What to do:
Copy out each line of the data that contains "mathrm".

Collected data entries
------------------------------------------------

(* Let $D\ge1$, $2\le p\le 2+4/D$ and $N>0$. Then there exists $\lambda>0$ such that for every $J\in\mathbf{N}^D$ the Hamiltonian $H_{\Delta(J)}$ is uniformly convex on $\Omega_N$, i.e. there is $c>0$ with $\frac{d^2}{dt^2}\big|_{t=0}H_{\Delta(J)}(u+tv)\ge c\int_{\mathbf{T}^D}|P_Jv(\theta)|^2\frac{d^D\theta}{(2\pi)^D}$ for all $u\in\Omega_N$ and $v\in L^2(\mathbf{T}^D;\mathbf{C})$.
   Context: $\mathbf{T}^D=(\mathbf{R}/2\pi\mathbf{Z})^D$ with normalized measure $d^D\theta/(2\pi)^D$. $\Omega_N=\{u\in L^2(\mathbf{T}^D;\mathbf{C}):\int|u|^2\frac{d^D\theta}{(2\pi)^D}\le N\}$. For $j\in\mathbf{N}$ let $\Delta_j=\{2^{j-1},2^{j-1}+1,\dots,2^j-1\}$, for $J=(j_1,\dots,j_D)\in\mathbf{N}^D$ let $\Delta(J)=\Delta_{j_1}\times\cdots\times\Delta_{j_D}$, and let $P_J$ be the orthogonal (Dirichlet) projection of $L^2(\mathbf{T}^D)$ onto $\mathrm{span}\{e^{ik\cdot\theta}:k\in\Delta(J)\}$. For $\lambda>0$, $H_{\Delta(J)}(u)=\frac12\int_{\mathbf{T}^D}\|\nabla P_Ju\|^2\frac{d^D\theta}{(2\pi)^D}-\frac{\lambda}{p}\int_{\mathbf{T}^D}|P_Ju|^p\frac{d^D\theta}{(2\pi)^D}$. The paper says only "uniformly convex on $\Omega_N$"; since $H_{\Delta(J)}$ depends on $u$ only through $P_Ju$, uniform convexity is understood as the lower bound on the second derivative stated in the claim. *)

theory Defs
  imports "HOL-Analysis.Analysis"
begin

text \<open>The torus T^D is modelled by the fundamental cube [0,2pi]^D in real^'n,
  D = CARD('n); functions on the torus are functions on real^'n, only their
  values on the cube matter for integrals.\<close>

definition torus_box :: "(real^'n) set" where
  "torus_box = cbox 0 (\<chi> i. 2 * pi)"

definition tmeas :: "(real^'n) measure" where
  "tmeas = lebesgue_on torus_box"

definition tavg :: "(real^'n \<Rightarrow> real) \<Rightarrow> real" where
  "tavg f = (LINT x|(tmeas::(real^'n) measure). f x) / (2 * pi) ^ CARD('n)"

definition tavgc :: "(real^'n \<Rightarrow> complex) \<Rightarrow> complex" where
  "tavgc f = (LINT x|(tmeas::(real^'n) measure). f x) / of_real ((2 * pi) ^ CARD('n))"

------------------------------------------------

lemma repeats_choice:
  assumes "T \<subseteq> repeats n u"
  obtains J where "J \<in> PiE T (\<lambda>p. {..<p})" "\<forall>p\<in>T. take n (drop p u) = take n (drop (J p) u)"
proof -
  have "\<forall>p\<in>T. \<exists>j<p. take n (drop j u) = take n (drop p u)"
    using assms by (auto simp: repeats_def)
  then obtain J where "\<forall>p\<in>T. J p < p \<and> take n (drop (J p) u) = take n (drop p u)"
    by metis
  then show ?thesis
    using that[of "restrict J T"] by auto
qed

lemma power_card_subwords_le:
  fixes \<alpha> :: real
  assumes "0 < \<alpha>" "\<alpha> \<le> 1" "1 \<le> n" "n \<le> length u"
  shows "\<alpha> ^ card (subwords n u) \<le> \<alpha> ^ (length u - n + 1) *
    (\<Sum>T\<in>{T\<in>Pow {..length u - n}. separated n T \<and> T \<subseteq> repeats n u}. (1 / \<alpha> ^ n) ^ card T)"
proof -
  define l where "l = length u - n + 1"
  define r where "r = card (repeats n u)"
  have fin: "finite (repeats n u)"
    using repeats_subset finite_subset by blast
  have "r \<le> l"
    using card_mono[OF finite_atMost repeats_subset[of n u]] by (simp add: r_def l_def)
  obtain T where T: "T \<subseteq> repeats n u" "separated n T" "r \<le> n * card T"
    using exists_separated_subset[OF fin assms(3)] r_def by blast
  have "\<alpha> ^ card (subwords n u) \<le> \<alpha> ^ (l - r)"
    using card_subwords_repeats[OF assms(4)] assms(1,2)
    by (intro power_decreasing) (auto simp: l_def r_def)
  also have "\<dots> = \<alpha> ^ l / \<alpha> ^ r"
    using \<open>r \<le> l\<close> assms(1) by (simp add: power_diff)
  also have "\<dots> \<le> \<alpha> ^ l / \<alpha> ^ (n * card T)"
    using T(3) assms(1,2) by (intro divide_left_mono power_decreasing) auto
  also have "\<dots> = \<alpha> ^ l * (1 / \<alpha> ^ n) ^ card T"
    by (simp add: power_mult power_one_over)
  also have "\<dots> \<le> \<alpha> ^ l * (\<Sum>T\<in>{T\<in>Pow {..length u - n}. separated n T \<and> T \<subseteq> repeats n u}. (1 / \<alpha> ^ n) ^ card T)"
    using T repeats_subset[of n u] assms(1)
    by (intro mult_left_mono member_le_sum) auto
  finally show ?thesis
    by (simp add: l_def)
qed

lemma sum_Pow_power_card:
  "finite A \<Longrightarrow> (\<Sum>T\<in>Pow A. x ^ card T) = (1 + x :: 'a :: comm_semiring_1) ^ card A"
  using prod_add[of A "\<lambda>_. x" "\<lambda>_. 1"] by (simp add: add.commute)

------------------------------------------------

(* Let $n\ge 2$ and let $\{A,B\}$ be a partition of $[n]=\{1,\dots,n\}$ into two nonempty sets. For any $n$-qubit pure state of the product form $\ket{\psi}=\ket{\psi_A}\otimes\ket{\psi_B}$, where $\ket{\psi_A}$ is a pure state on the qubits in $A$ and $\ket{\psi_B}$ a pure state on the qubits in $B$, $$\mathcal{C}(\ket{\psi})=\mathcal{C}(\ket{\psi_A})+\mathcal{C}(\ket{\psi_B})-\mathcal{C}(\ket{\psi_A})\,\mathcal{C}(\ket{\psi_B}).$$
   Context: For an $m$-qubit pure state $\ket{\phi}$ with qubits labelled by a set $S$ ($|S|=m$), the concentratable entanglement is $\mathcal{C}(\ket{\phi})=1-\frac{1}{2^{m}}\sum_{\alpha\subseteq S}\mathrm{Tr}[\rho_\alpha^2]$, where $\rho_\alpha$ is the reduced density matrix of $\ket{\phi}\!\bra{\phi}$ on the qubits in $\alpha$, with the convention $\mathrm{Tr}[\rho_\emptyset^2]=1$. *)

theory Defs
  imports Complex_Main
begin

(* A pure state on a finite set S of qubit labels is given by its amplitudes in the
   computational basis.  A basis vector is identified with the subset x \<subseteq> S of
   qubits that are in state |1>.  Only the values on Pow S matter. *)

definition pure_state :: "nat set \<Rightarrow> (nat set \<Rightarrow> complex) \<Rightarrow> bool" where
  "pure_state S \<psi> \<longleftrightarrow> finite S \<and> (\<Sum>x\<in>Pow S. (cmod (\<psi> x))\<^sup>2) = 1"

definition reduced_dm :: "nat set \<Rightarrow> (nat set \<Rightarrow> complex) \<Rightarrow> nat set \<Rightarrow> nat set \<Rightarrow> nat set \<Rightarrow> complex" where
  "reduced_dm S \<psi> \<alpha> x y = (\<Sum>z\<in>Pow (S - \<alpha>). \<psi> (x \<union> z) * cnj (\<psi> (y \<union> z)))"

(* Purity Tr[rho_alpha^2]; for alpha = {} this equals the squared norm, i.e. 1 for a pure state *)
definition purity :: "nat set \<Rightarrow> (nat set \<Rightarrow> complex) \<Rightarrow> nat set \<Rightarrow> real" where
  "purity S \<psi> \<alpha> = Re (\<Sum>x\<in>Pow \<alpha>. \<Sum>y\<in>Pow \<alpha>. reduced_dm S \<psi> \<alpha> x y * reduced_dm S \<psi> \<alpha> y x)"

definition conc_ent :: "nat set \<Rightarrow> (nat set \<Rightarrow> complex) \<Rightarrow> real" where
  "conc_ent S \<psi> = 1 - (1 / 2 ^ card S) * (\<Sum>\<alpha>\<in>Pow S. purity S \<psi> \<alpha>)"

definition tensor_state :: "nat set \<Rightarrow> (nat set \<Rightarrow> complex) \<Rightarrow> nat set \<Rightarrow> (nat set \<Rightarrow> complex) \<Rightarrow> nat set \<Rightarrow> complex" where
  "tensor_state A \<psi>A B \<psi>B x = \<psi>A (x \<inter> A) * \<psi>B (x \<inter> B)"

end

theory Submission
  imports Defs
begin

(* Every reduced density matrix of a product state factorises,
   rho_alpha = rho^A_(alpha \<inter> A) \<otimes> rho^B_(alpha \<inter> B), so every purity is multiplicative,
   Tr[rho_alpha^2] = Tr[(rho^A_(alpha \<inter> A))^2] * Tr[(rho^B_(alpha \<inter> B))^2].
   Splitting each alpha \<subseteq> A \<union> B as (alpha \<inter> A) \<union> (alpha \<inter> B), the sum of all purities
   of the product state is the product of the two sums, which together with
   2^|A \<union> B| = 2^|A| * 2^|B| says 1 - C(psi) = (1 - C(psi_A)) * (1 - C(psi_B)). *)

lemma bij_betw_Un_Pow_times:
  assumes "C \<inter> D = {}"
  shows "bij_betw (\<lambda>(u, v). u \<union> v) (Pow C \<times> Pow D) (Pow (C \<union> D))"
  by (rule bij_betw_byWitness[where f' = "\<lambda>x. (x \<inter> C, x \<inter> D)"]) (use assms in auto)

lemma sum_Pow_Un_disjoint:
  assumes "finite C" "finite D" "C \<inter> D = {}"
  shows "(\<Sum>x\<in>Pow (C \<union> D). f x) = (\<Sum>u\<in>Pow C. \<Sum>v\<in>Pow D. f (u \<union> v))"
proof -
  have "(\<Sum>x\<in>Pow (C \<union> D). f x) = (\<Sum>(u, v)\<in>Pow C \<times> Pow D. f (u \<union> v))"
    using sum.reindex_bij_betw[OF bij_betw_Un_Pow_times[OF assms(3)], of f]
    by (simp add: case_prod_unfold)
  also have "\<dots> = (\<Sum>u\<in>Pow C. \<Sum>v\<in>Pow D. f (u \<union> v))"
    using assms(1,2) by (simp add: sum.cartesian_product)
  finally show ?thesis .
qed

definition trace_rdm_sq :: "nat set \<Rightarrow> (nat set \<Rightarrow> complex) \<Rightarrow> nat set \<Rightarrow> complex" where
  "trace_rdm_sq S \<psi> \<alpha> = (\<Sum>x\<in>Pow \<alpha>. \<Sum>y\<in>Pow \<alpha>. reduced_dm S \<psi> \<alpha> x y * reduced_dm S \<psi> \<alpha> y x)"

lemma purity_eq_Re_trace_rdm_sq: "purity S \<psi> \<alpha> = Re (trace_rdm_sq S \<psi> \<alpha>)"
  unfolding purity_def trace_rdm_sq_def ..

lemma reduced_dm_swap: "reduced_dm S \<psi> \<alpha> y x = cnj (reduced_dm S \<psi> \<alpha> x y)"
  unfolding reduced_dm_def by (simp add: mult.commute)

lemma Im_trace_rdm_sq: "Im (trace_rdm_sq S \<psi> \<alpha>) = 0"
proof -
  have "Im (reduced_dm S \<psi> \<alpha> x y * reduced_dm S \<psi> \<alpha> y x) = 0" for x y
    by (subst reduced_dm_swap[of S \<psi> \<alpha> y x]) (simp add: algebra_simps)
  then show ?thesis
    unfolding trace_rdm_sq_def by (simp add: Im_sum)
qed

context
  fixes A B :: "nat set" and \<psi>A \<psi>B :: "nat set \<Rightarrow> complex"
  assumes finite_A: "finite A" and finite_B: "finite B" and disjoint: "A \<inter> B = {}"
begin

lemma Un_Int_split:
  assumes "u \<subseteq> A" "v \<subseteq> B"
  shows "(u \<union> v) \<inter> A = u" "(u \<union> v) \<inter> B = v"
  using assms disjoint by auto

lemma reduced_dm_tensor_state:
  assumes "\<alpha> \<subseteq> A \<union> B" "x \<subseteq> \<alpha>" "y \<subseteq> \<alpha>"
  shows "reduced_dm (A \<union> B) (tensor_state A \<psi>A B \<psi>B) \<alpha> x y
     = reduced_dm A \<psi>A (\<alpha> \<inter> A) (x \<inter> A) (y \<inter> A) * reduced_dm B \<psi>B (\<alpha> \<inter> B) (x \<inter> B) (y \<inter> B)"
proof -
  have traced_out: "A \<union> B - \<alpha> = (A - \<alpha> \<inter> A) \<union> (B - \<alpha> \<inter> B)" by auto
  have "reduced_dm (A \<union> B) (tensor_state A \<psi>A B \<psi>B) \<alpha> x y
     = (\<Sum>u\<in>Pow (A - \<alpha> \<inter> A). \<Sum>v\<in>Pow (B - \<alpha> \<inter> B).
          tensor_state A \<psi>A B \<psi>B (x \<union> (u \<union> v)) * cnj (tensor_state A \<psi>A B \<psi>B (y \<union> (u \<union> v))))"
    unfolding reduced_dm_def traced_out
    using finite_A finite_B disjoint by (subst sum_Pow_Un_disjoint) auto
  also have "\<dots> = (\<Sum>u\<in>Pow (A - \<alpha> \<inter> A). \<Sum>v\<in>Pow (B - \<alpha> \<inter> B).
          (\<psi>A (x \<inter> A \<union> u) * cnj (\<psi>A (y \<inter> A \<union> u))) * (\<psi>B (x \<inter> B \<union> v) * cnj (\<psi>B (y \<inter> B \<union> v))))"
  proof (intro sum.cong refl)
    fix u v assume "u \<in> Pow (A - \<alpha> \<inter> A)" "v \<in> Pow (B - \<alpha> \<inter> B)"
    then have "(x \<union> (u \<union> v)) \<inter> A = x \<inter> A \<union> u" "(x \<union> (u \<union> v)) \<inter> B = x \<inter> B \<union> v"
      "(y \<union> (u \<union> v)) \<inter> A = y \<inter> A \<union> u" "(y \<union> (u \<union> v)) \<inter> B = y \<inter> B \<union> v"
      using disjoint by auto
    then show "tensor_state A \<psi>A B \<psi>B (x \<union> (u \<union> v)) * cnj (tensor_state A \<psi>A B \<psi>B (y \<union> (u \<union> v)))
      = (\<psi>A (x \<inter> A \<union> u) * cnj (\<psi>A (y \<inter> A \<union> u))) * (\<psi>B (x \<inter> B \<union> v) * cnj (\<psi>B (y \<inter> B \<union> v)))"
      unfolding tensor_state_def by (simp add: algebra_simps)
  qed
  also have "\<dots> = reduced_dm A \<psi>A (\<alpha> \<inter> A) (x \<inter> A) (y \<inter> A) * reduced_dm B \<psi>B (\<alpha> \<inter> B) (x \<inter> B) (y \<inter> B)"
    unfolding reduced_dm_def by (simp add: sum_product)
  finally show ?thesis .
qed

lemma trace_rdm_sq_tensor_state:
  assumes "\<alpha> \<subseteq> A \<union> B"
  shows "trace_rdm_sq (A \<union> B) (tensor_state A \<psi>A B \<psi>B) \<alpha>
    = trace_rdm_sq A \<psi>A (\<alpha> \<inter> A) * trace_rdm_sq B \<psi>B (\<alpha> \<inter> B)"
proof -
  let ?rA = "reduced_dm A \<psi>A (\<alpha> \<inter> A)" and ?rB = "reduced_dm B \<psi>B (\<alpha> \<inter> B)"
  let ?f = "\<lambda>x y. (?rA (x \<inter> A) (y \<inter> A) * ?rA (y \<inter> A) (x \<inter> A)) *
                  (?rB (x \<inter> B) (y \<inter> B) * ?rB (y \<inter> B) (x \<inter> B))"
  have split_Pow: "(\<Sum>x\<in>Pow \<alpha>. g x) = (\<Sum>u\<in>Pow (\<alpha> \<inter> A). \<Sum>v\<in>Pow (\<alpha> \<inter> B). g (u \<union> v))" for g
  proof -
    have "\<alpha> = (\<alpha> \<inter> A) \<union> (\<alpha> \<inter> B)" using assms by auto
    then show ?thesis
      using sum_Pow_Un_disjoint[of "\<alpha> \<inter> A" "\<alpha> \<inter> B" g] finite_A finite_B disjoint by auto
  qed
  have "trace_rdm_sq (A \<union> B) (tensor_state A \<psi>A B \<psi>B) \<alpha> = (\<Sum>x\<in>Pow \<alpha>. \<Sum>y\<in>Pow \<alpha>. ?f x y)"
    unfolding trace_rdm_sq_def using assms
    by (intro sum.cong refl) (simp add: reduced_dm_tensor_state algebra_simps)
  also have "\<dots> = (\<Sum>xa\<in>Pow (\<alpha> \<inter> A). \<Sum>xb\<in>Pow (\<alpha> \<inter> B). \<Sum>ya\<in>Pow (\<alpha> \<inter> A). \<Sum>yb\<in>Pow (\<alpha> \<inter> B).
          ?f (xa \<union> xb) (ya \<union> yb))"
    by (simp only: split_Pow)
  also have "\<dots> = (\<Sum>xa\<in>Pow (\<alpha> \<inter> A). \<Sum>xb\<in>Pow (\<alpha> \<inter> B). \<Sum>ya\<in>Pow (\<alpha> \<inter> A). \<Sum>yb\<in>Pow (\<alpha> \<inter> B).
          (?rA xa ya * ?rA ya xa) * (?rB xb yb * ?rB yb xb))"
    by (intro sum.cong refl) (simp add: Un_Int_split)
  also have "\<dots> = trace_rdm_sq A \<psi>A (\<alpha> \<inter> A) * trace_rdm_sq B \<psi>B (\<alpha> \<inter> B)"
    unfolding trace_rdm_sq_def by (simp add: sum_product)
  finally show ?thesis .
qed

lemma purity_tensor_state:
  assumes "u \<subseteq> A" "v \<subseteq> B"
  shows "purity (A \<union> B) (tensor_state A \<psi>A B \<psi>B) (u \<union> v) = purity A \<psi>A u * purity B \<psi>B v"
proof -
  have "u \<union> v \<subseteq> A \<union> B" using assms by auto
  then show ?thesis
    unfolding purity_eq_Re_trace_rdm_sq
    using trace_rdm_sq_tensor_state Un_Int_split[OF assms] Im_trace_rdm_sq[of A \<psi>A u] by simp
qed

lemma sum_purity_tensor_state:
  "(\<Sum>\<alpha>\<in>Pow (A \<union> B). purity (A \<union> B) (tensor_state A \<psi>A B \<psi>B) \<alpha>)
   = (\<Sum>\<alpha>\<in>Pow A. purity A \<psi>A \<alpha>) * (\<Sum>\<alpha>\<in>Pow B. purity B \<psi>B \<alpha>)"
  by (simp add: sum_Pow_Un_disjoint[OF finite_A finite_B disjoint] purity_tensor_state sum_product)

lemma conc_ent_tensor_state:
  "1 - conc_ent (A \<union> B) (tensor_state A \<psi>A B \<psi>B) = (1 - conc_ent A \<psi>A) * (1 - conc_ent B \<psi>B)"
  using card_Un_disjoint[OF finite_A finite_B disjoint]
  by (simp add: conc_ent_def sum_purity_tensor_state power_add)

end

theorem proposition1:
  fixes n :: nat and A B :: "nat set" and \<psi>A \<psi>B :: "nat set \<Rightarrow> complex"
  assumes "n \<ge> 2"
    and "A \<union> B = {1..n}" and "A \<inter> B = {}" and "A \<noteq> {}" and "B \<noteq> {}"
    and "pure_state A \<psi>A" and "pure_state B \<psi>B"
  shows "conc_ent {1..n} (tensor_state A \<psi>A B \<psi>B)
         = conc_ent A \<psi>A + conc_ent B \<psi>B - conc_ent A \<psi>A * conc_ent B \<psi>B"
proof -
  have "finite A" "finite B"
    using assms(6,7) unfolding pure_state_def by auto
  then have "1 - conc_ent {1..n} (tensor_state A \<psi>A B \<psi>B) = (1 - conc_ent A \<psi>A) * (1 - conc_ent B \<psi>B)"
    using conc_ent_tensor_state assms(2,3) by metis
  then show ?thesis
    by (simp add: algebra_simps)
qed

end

------------------------------------------------

Answer section:
   Context: $\mathbf{T}^D=(\mathbf{R}/2\pi\mathbf{Z})^D$ with normalized measure $d^D\theta/(2\pi)^D$. $\Omega_N=\{u\in L^2(\mathbf{T}^D;\mathbf{C}):\int|u|^2\frac{d^D\theta}{(2\pi)^D}\le N\}$. For $j\in\mathbf{N}$ let $\Delta_j=\{2^{j-1},2^{j-1}+1,\dots,2^j-1\}$, for $J=(j_1,\dots,j_D)\in\mathbf{N}^D$ let $\Delta(J)=\Delta_{j_1}\times\cdots\times\Delta_{j_D}$, and let $P_J$ be the orthogonal (Dirichlet) projection of $L^2(\mathbf{T}^D)$ onto $\mathrm{span}\{e^{ik\cdot\theta}:k\in\Delta(J)\}$. For $\lambda>0$, $H_{\Delta(J)}(u)=\frac12\int_{\mathbf{T}^D}\|\nabla P_Ju\|^2\frac{d^D\theta}{(2\pi)^D}-\frac{\lambda}{p}\int_{\mathbf{T}^D}|P_Ju|^p\frac{d^D\theta}{(2\pi)^D}$. The paper says only "uniformly convex on $\Omega_N$"; since $H_{\Delta(J)}$ depends on $u$ only through $P_Ju$, uniform convexity is understood as the lower bound on the second derivative stated in the claim. *)
   Context: For an $m$-qubit pure state $\ket{\phi}$ with qubits labelled by a set $S$ ($|S|=m$), the concentratable entanglement is $\mathcal{C}(\ket{\phi})=1-\frac{1}{2^{m}}\sum_{\alpha\subseteq S}\mathrm{Tr}[\rho_\alpha^2]$, where $\rho_\alpha$ is the reduced density matrix of $\ket{\phi}\!\bra{\phi}$ on the qubits in $\alpha$, with the convention $\mathrm{Tr}[\rho_\emptyset^2]=1$. *)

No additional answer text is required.